Not really. Each situation is different so all I can do is point you at the docs for transactions and suggest you read a few previous posts on here about using them.
After a quick look at your code, and assuming that this process is never running twice in parallel, here are my comments:
Touching the database is slow. Replace get_next_uid with a counter variable
anvil.server.task_state might be slow (I haven’t tested it). Unless you need it to see the exact point where it crashes, you could do it once every second or two. Something like this (even better if the function builds the strings, instead of building the strings only to discard them):
If the chances of finding duplicated rows is low, it may be better to add all the rows without checking for duplicates, then scan the table with an ordered search and delete the duplicated then. One search at the end with a few deletes may be much faster than checking every row
Another approach to checking for duplicates is to keep a set in memory with all the rows. If each row is small, keeping 100,000 items in a set should be manageable. If each row is large, then you could hash them and keep the hashes in the set (assuming that they are hashable, which should be the case because your data is coming from a csv)
The reason why you use a transaction is to manage atomicity.
The nice side effect is that they are faster.
Between the start and the end of the transaction, the database engine doesn’t need to notify anybody about what’s going on.
Between the start and the end of the same set of operations without a transaction, the database engine needs to make sure that any other access to the database knows about those operations. That adds an overhead that in some case has an impact on the performance.
Yes that is what I use them for (inserting chunks of 10 , 50 or 100k at a time) in place of something like .executemany(). I always witnessed it being faster so I never changed it, but for some reason there was an idea floating around that it wasn’t optimized that way.
Thanks for clarifying it.
Also I like your idea of using sets, I could imagine an implementation of a UNIQUE constraint across multiple columns being done by constructing a set of tuples for the current table state, and then another for the data to insert, then using .intersection() to find the collisions.
Obviously possible to do just using .search() etc. from anvils toolkit, but I bet it would be way faster for tens of thousands of rows, collecting comparing and then writing only on the relevant inserts or rows.
To clarify what I meant in that other post: Anvil is not going to ‘stash’ your changes and submit them to the database as a single SQL call - it’ll just tell postgres to open and close a transaction around your statements. So you still incur the overhead of touching the database each time you make a CRUD operation on the Anvil table/row object.
I didn’t know that a transaction might offer some performance benefits too - interesting. I’m still guessing that’s small potatoes vs the Python stuff… anyone want to do some testing?

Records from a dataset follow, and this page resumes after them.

(* Let $\lambda=(\lambda_0,\lambda_1,\dots)\in\mathbf{W}(\mathcal{O}_K)$ and let $(\phi_0,\phi_1,\dots)\in\mathcal{O}_K^{\mathbb{N}}$ be its phantom vector. Then $\phi_j\to0$ in $\mathcal{O}_K$ if and only if $|\lambda_j|<1$ for all $j\ge0$.
   Context: $K$ is a field of characteristic $0$, complete for a non-archimedean absolute value $|\cdot|$, residue field of characteristic $p>0$; $\mathcal{O}_K=\{|x|\le1\}$. $\mathbf{W}(\mathcal{O}_K)$ is the ring of $p$-typical Witt vectors (of infinite length) with entries in $\mathcal{O}_K$; the phantom vector of $\lambda$ is given by $\phi_m=\lambda_0^{p^m}+p\lambda_1^{p^{m-1}}+\cdots+p^m\lambda_m$. *)

theory Defs
  imports "HOL-Analysis.Analysis"
begin

definition nonarch_abs :: "('a::field \<Rightarrow> real) \<Rightarrow> bool" where
  "nonarch_abs av \<longleftrightarrow>
     (\<forall>x. av x \<ge> 0) \<and> (\<forall>x. av x = 0 \<longleftrightarrow> x = 0) \<and>
     (\<forall>x y. av (x * y) = av x * av y) \<and>
     (\<forall>x y. av (x + y) \<le> max (av x) (av y))"

definition abs_complete :: "('a::field \<Rightarrow> real) \<Rightarrow> bool" where
  "abs_complete av \<longleftrightarrow>
     (\<forall>s :: nat \<Rightarrow> 'a.
        (\<forall>e>0. \<exists>N. \<forall>m\<ge>N. \<forall>n\<ge>N. av (s m - s n) < e) \<longrightarrow>
        (\<exists>L. (\<lambda>n. av (s n - L)) \<longlonglongrightarrow> 0))"

text \<open>Residue field of characteristic p (p prime): |p| < 1.\<close>
definition residue_char :: "('a::field \<Rightarrow> real) \<Rightarrow> nat \<Rightarrow> bool" where
  "residue_char av p \<longleftrightarrow> prime p \<and> av (of_nat p) < 1"

text \<open>Witt vectors with entries in O_K: sequences with all entries of absolute value at most 1.\<close>
definition witt_OK :: "('a::field \<Rightarrow> real) \<Rightarrow> (nat \<Rightarrow> 'a) \<Rightarrow> bool" where
  "witt_OK av lam \<longleftrightarrow> (\<forall>j. av (lam j) \<le> 1)"

definition phantom :: "nat \<Rightarrow> (nat \<Rightarrow> 'a::field) \<Rightarrow> nat \<Rightarrow> 'a" where
  "phantom p lam m = (\<Sum>i\<le>m. of_nat p ^ i * lam i ^ (p ^ (m - i)))"

end

theory Submission
  imports Defs
begin

text \<open>
  Write \<open>q = |p| < 1\<close>. The \<open>i\<close>-th summand of \<open>\<phi>\<^sub>m\<close> has absolute value
  \<open>q^i |\<lambda>\<^sub>i|^(p^(m-i))\<close>, which is bounded both by \<open>q^i\<close> and by \<open>|\<lambda>\<^sub>i|^(p^(m-i))\<close>.
  If all \<open>|\<lambda>\<^sub>i| < 1\<close>, the summands with large \<open>i\<close> are small because of \<open>q^i\<close>
  and the finitely many others because of the growing exponent, so \<open>\<phi>\<^sub>m \<rightarrow> 0\<close> by
  the ultrametric inequality. Otherwise let \<open>j\<close> be the least index with \<open>|\<lambda>\<^sub>j| = 1\<close>:
  for large \<open>m\<close> the \<open>j\<close>-th summand has absolute value \<open>q^j\<close> and all others are
  strictly smaller, so \<open>|\<phi>\<^sub>m| = q^j > 0\<close> eventually.
\<close>

context
  fixes av :: "'a::field \<Rightarrow> real"
  assumes na: "nonarch_abs av"
begin

lemma nonarch_abs_nonneg: "av x \<ge> 0"
  using na unfolding nonarch_abs_def by blast

lemma nonarch_abs_eq_0_iff: "av x = 0 \<longleftrightarrow> x = 0"
  using na unfolding nonarch_abs_def by blast

lemma nonarch_abs_mult [simp]: "av (x * y) = av x * av y"
  using na unfolding nonarch_abs_def by blast

lemma nonarch_abs_add_le_max: "av (x + y) \<le> max (av x) (av y)"
  using na unfolding nonarch_abs_def by blast

lemma nonarch_abs_one [simp]: "av 1 = 1"
proof -
  have "av 1 * av 1 = av 1 * 1" and "av 1 \<noteq> 0"
    using nonarch_abs_mult[of 1 1] nonarch_abs_eq_0_iff[of 1] by simp_all
  then show ?thesis
    by simp
qed

lemma nonarch_abs_power [simp]: "av (x ^ n) = av x ^ n"
  by (induction n) simp_all

lemma nonarch_abs_minus [simp]: "av (- x) = av x"
proof -
  have "av (- 1) ^ 2 = 1"
    using nonarch_abs_power[of "- 1" 2] by simp
  then have "av (- 1) = 1"
    using nonarch_abs_nonneg[of "- 1"] by (simp add: power2_eq_1_iff)
  then show ?thesis
    using nonarch_abs_mult[of "- 1" x] by simp
qed

lemma nonarch_abs_sum_less:
  assumes "finite S" and "e > 0" and "\<And>i. i \<in> S \<Longrightarrow> av (f i) < e"
  shows "av (sum f S) < e"
  using assms(1,3)
proof (induction S rule: finite_induct)
  case empty
  then show ?case
    using nonarch_abs_eq_0_iff[of 0] \<open>e > 0\<close> by simp
next
  case (insert x F)
  then have "max (av (f x)) (av (sum f F)) < e"
    by simp
  then show ?case
    using le_less_trans[OF nonarch_abs_add_le_max[of "f x" "sum f F"]] insert(1,2) by simp
qed

lemma nonarch_abs_add_eq_dominant:
  assumes "av a < av b"
  shows "av (b + a) = av b"
proof -
  have "av (b + a) \<le> av b"
    using nonarch_abs_add_le_max[of b a] assms by simp
  moreover have "av b \<le> max (av (b + a)) (av a)"
    using nonarch_abs_add_le_max[of "b + a" "- a"] by simp
  ultimately show ?thesis
    using assms by linarith
qed

lemma nonarch_abs_phantom_term_le_of_nat_power:
  assumes "av x \<le> 1"
  shows "av (of_nat p ^ i * x ^ k) \<le> av (of_nat p) ^ i"
  using mult_left_mono[OF power_le_one[OF nonarch_abs_nonneg assms]]
  by (simp add: nonarch_abs_nonneg)

lemma nonarch_abs_phantom_term_le_power:
  assumes "av (of_nat p) \<le> 1"
  shows "av (of_nat p ^ i * x ^ k) \<le> av x ^ k"
  using mult_right_mono[OF power_le_one[OF nonarch_abs_nonneg assms]]
  by (simp add: nonarch_abs_nonneg)

end

lemma eventually_powers_less_uniform:
  fixes a :: "'b \<Rightarrow> real"
  assumes "finite I" and "\<And>i. i \<in> I \<Longrightarrow> \<bar>a i\<bar> < 1" and "e > 0"
  shows "\<forall>\<^sub>F n in sequentially. \<forall>i\<in>I. a i ^ n < e"
  using assms by (intro eventually_ball_finite ballI order_tendstoD(2)[OF LIMSEQ_power_zero]) auto

lemma phantom_initial_terms_eventually_small:
  fixes av :: "'a::field \<Rightarrow> real" and lam :: "nat \<Rightarrow> 'a"
  assumes na: "nonarch_abs av" and q: "av (of_nat p) \<le> 1" and p: "p \<ge> 2"
    and lam: "\<And>i. i < N \<Longrightarrow> av (lam i) < 1" and e: "e > 0"
  shows "\<forall>\<^sub>F m in sequentially. \<forall>i<N. av (of_nat p ^ i * lam i ^ p ^ (m - i)) < e"
proof -
  obtain M where M: "\<And>n i. n \<ge> M \<Longrightarrow> i < N \<Longrightarrow> av (lam i) ^ n < e"
    using eventually_powers_less_uniform[of "{..<N}" "\<lambda>i. av (lam i)", OF _ _ e]
      lam nonarch_abs_nonneg[OF na] unfolding eventually_sequentially by fastforce
  have "av (of_nat p ^ i * lam i ^ p ^ (m - i)) < e" if "m \<ge> N + M" and i: "i < N" for m i
  proof -
    have "M \<le> p ^ (m - i)"
      using that self_le_ge2_pow[OF p, of "m - i"] by linarith
    have "av (of_nat p ^ i * lam i ^ p ^ (m - i)) \<le> av (lam i) ^ p ^ (m - i)"
      by (rule nonarch_abs_phantom_term_le_power[OF na q])
    also have "\<dots> < e"
      using M[OF _ i] \<open>M \<le> p ^ (m - i)\<close> .
    finally show ?thesis .
  qed
  then show ?thesis
    unfolding eventually_sequentially by blast
qed

lemma phantom_tendsto_zero:
  fixes av :: "'a::field \<Rightarrow> real" and lam :: "nat \<Rightarrow> 'a"
  assumes na: "nonarch_abs av" and q: "av (of_nat p) < 1" and p: "p \<ge> 2"
    and lam: "\<And>j. av (lam j) < 1"
  shows "(\<lambda>m. av (phantom p lam m)) \<longlonglongrightarrow> 0"
proof (rule order_tendstoI)
  fix e :: real
  assume e: "e > 0"
  obtain N where N: "av (of_nat p) ^ N < e"
    using real_arch_pow_inv[OF e q] by blast
  obtain M where M: "\<And>m i. m \<ge> M \<Longrightarrow> i < N \<Longrightarrow> av (of_nat p ^ i * lam i ^ p ^ (m - i)) < e"
    using phantom_initial_terms_eventually_small[where lam = lam and N = N,
        OF na less_imp_le[OF q] p lam e]
    unfolding eventually_sequentially by blast
  have "av (phantom p lam m) < e" if m: "m \<ge> M" for m
    unfolding phantom_def
  proof (rule nonarch_abs_sum_less[OF na _ e])
    fix i
    show "av (of_nat p ^ i * lam i ^ p ^ (m - i)) < e"
    proof (cases "i < N")
      case True
      then show ?thesis
        using M[OF m] by blast
    next
      case False
      have "av (of_nat p ^ i * lam i ^ p ^ (m - i)) \<le> av (of_nat p) ^ i"
        using lam[of i] by (intro nonarch_abs_phantom_term_le_of_nat_power[OF na]) simp
      also have "\<dots> \<le> av (of_nat p) ^ N"
        using False q by (intro power_decreasing) (auto simp: nonarch_abs_nonneg[OF na])
      finally show ?thesis
        using N by simp
    qed
  qed simp
  then show "\<forall>\<^sub>F m in sequentially. av (phantom p lam m) < e"
    unfolding eventually_sequentially by blast
qed (auto intro!: always_eventually less_le_trans[OF _ nonarch_abs_nonneg[OF na]])

lemma phantom_eventually_eq_power:
  fixes av :: "'a::field \<Rightarrow> real" and lam :: "nat \<Rightarrow> 'a"
  assumes na: "nonarch_abs av" and q: "0 < av (of_nat p)" "av (of_nat p) < 1" and p: "p \<ge> 2"
    and lam: "\<And>i. av (lam i) \<le> 1" "\<And>i. i < j \<Longrightarrow> av (lam i) < 1" "av (lam j) = 1"
  shows "\<forall>\<^sub>F m in sequentially. av (phantom p lam m) = av (of_nat p) ^ j"
proof -
  define t where "t = av (of_nat p) ^ j"
  have t: "t > 0"
    unfolding t_def using q by simp
  obtain M where M: "\<And>m i. m \<ge> M \<Longrightarrow> i < j \<Longrightarrow> av (of_nat p ^ i * lam i ^ p ^ (m - i)) < t"
    using phantom_initial_terms_eventually_small[where lam = lam and N = j,
        OF na less_imp_le[OF q(2)] p lam(2) t]
    unfolding eventually_sequentially by blast
  have "av (phantom p lam m) = t" if m: "m \<ge> j + M" for m
  proof -
    let ?f = "\<lambda>i. of_nat p ^ i * lam i ^ p ^ (m - i) :: 'a"
    have split: "phantom p lam m = ?f j + sum ?f ({..m} - {j})"
      unfolding phantom_def using m by (simp add: sum.remove[of _ j])
    have "av (sum ?f ({..m} - {j})) < t"
    proof (rule nonarch_abs_sum_less[OF na _ t])
      fix i
      assume i: "i \<in> {..m} - {j}"
      show "av (?f i) < t"
      proof (cases "i < j")
        case True
        with m show ?thesis
          using M[of m] by simp
      next
        case False
        with i have "j < i" by auto
        then have "av (of_nat p) ^ i < t"
          unfolding t_def using q by (rule power_strict_decreasing)
        with nonarch_abs_phantom_term_le_of_nat_power[OF na lam(1)] show ?thesis
          by (rule le_less_trans)
      qed
    qed simp
    moreover have "av (?f j) = t"
      using na lam(3) by (simp add: t_def)
    ultimately show ?thesis
      using split nonarch_abs_add_eq_dominant[OF na] by simp
  qed
  then show ?thesis
    unfolding eventually_sequentially t_def by blast
qed

theorem lemma2p2p4:
  fixes av :: "'a::field_char_0 \<Rightarrow> real" and p :: nat and lam :: "nat \<Rightarrow> 'a"
  assumes "nonarch_abs av" and "abs_complete av" and "residue_char av p"
    and "witt_OK av lam"
  shows "((\<lambda>j. av (phantom p lam j)) \<longlonglongrightarrow> 0) \<longleftrightarrow> (\<forall>j. av (lam j) < 1)"
proof -
  have p: "p \<ge> 2" and q: "av (of_nat p) < 1"
    using assms(3) prime_ge_2_nat unfolding residue_char_def by auto
  then have q_pos: "0 < av (of_nat p)"
    using nonarch_abs_nonneg[OF assms(1)] nonarch_abs_eq_0_iff[OF assms(1), of "of_nat p"]
    by (simp add: order_less_le)
  have lam_le: "\<And>i. av (lam i) \<le> 1"
    using assms(4) unfolding witt_OK_def by blast
  show ?thesis
  proof
    assume lim: "(\<lambda>j. av (phantom p lam j)) \<longlonglongrightarrow> 0"
    show "\<forall>j. av (lam j) < 1"
    proof (rule ccontr)
      assume "\<not> (\<forall>j. av (lam j) < 1)"
      then have "\<exists>j. \<not> av (lam j) < 1"
        by simp
      then obtain j where "\<not> av (lam j) < 1" and "\<forall>i<j. \<not> \<not> av (lam i) < 1"
        by (auto simp only: exists_least_iff[of "\<lambda>j. \<not> av (lam j) < 1"])
      moreover from this(1) have "av (lam j) = 1"
        using lam_le[of j] by linarith
      ultimately have "\<forall>\<^sub>F m in sequentially. av (phantom p lam m) = av (of_nat p) ^ j"
        by (intro phantom_eventually_eq_power[OF assms(1) q_pos q p lam_le]) simp_all
      from iffD1[OF tendsto_cong[OF this] lim] q_pos show False
        by (simp add: LIMSEQ_const_iff)
    qed
  next
    assume "\<forall>j. av (lam j) < 1"
    then show "(\<lambda>j. av (phantom p lam j)) \<longlonglongrightarrow> 0"
      using phantom_tendsto_zero[OF assms(1) q p] by blast
  qed
qed

end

Because of this constraint, I don’t know of a good answer to AWSOM’s question. As Stefano says one database access is faster than thousands of python statements. However, there’s no ‘bulk insert’ made available through the Anvil Tables API (feature request?). So, there is no way to avoid at best one python statement per row, and therefore no way to avoid tens/hundreds of thousands of of python statements in this case.
I did some tests long time ago, and it was saving anywhere between nothing and 30% of the time, depending on your luck.
While getting rid of that get_next_uid(table) used at the top of the thread and the get to check for duplicated before adding every row, would go from hitting the database 4 times to 1 time per row, so it will save 75-ish% of the time.